* ACTION ITEM *
When you find the line with "(\<exists>N. submod R" among the records below, reproduce it and each line after it exactly, ending with the line with "(\<forall>\<phi>\<in>endos R M act. \<forall>m\<in>carrier M.".

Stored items
= = = =

(* Let $M$ be a Rickart right $R$-module. If $M$ is reduced, or rigid, or abelian, or semicommutative, or symmetric, then $M$ is a centrally endo-AIP module.
   Context: Let $S=\mathrm{End}_R(M)$. $M$ is Rickart if $\ker\phi$ is a direct summand of $M$ for every $\phi\in S$. $M$ is reduced if for $\phi\in S$, $m\in M$, $\phi^2(m)=0$ implies $\phi(Sm)=0$ (equivalently $\phi(m)=0$ implies $\mathrm{Im}(\phi)\cap Sm=0$). $M$ is rigid if $\psi^2(m)=0$ implies $\psi(m)=0$ for all $\psi\in S$, $m\in M$. $M$ is abelian if every idempotent of $S$ is central. $M$ is semicommutative if $\psi(m)=0$ implies $\psi(Sm)=0$. $M$ is symmetric if $\phi\psi(m)=0$ implies $\psi\phi(m)=0$ for all $\phi,\psi\in S$, $m\in M$. For $N\le M$, $l_S(N)=\{\phi\in S:\phi(N)=0\}$. An ideal $I$ of $S$ is centrally s-unital if for every $a\in I$ there is $z\in I$ central in $S$ with $az=a$. $M$ is centrally endo-AIP if $l_S(N)$ is a centrally s-unital ideal of $S$ for every fully invariant submodule $N$ of $M$. *)

theory Defs
  imports "HOL-Algebra.Ring" "HOL-Algebra.Ideal"
begin

text \<open>A right R-module: an abelian group M (only its additive structure is used)
  together with a right action act m r of the ring R.\<close>

definition right_module ::
  "('a, 'b) ring_scheme \<Rightarrow> ('c, 'd) ring_scheme \<Rightarrow> ('c \<Rightarrow> 'a \<Rightarrow> 'c) \<Rightarrow> bool" where
  "right_module R M act \<longleftrightarrow> ring R \<and> abelian_group M \<and>
     (\<forall>m\<in>carrier M. \<forall>r\<in>carrier R. act m r \<in> carrier M) \<and>
     (\<forall>m\<in>carrier M. \<forall>n\<in>carrier M. \<forall>r\<in>carrier R.
        act (m \<oplus>\<^bsub>M\<^esub> n) r = act m r \<oplus>\<^bsub>M\<^esub> act n r) \<and>
     (\<forall>m\<in>carrier M. \<forall>r\<in>carrier R. \<forall>s\<in>carrier R.
        act m (r \<oplus>\<^bsub>R\<^esub> s) = act m r \<oplus>\<^bsub>M\<^esub> act m s) \<and>
     (\<forall>m\<in>carrier M. \<forall>r\<in>carrier R. \<forall>s\<in>carrier R.
        act m (r \<otimes>\<^bsub>R\<^esub> s) = act (act m r) s) \<and>
     (\<forall>m\<in>carrier M. act m \<one>\<^bsub>R\<^esub> = m)"

definition endos ::
  "('a, 'b) ring_scheme \<Rightarrow> ('c, 'd) ring_scheme \<Rightarrow> ('c \<Rightarrow> 'a \<Rightarrow> 'c) \<Rightarrow> ('c \<Rightarrow> 'c) set" where
  "endos R M act = {f. f \<in> carrier M \<rightarrow>\<^sub>E carrier M \<and>
     (\<forall>m\<in>carrier M. \<forall>n\<in>carrier M. f (m \<oplus>\<^bsub>M\<^esub> n) = f m \<oplus>\<^bsub>M\<^esub> f n) \<and>
     (\<forall>m\<in>carrier M. \<forall>r\<in>carrier R. f (act m r) = act (f m) r)}"

text \<open>The endomorphism ring S = End_R(M), multiplication is composition
  (f \<otimes> g = f \<circ> g, endomorphisms act on the left).\<close>

definition End_ring ::
  "('a, 'b) ring_scheme \<Rightarrow> ('c, 'd) ring_scheme \<Rightarrow> ('c \<Rightarrow> 'a \<Rightarrow> 'c) \<Rightarrow> ('c \<Rightarrow> 'c) ring" where
  "End_ring R M act = \<lparr> carrier = endos R M act,
      monoid.mult = (\<lambda>f g. compose (carrier M) f g),
      one = (\<lambda>x\<in>carrier M. x),
      zero = (\<lambda>x\<in>carrier M. \<zero>\<^bsub>M\<^esub>),
      add = (\<lambda>f g. \<lambda>x\<in>carrier M. f x \<oplus>\<^bsub>M\<^esub> g x) \<rparr>"

definition submod ::
  "('a, 'b) ring_scheme \<Rightarrow> ('c, 'd) ring_scheme \<Rightarrow> ('c \<Rightarrow> 'a \<Rightarrow> 'c) \<Rightarrow> 'c set \<Rightarrow> bool" where
  "submod R M act N \<longleftrightarrow> N \<subseteq> carrier M \<and> \<zero>\<^bsub>M\<^esub> \<in> N \<and>
     (\<forall>m\<in>N. \<forall>n\<in>N. m \<oplus>\<^bsub>M\<^esub> n \<in> N) \<and> (\<forall>m\<in>N. \<ominus>\<^bsub>M\<^esub> m \<in> N) \<and>
     (\<forall>m\<in>N. \<forall>r\<in>carrier R. act m r \<in> N)"

definition direct_summand ::
  "('a, 'b) ring_scheme \<Rightarrow> ('c, 'd) ring_scheme \<Rightarrow> ('c \<Rightarrow> 'a \<Rightarrow> 'c) \<Rightarrow> 'c set \<Rightarrow> bool" where
  "direct_summand R M act K \<longleftrightarrow> submod R M act K \<and>
     (\<exists>N. submod R M act N \<and> K \<inter> N = {\<zero>\<^bsub>M\<^esub>} \<and>
          (\<forall>m\<in>carrier M. \<exists>a\<in>K. \<exists>b\<in>N. m = a \<oplus>\<^bsub>M\<^esub> b))"

definition ker_endo :: "('c, 'd) ring_scheme \<Rightarrow> ('c \<Rightarrow> 'c) \<Rightarrow> 'c set" where
  "ker_endo M f = {m \<in> carrier M. f m = \<zero>\<^bsub>M\<^esub>}"

definition rickart_mod where
  "rickart_mod R M act \<longleftrightarrow> (\<forall>\<phi>\<in>endos R M act. direct_summand R M act (ker_endo M \<phi>))"

definition reduced_mod where
  "reduced_mod R M act \<longleftrightarrow> (\<forall>\<phi>\<in>endos R M act. \<forall>m\<in>carrier M.
     \<phi> (\<phi> m) = \<zero>\<^bsub>M\<^esub> \<longrightarrow> (\<forall>\<psi>\<in>endos R M act. \<phi> (\<psi> m) = \<zero>\<^bsub>M\<^esub>))"

definition rigid_mod where
  "rigid_mod R M act \<longleftrightarrow> (\<forall>\<psi>\<in>endos R M act. \<forall>m\<in>carrier M.
     \<psi> (\<psi> m) = \<zero>\<^bsub>M\<^esub> \<longrightarrow> \<psi> m = \<zero>\<^bsub>M\<^esub>)"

= = = =

* RESPONSE FOR THIS EXERCISE *
     (\<exists>N. submod R M act N \<and> K \<inter> N = {\<zero>\<^bsub>M\<^esub>} \<and>
          (\<forall>m\<in>carrier M. \<exists>a\<in>K. \<exists>b\<in>N. m = a \<oplus>\<^bsub>M\<^esub> b))"

definition ker_endo :: "('c, 'd) ring_scheme \<Rightarrow> ('c \<Rightarrow> 'c) \<Rightarrow> 'c set" where
  "ker_endo M f = {m \<in> carrier M. f m = \<zero>\<^bsub>M\<^esub>}"

definition rickart_mod where
  "rickart_mod R M act \<longleftrightarrow> (\<forall>\<phi>\<in>endos R M act. direct_summand R M act (ker_endo M \<phi>))"

definition reduced_mod where
  "reduced_mod R M act \<longleftrightarrow> (\<forall>\<phi>\<in>endos R M act. \<forall>m\<in>carrier M.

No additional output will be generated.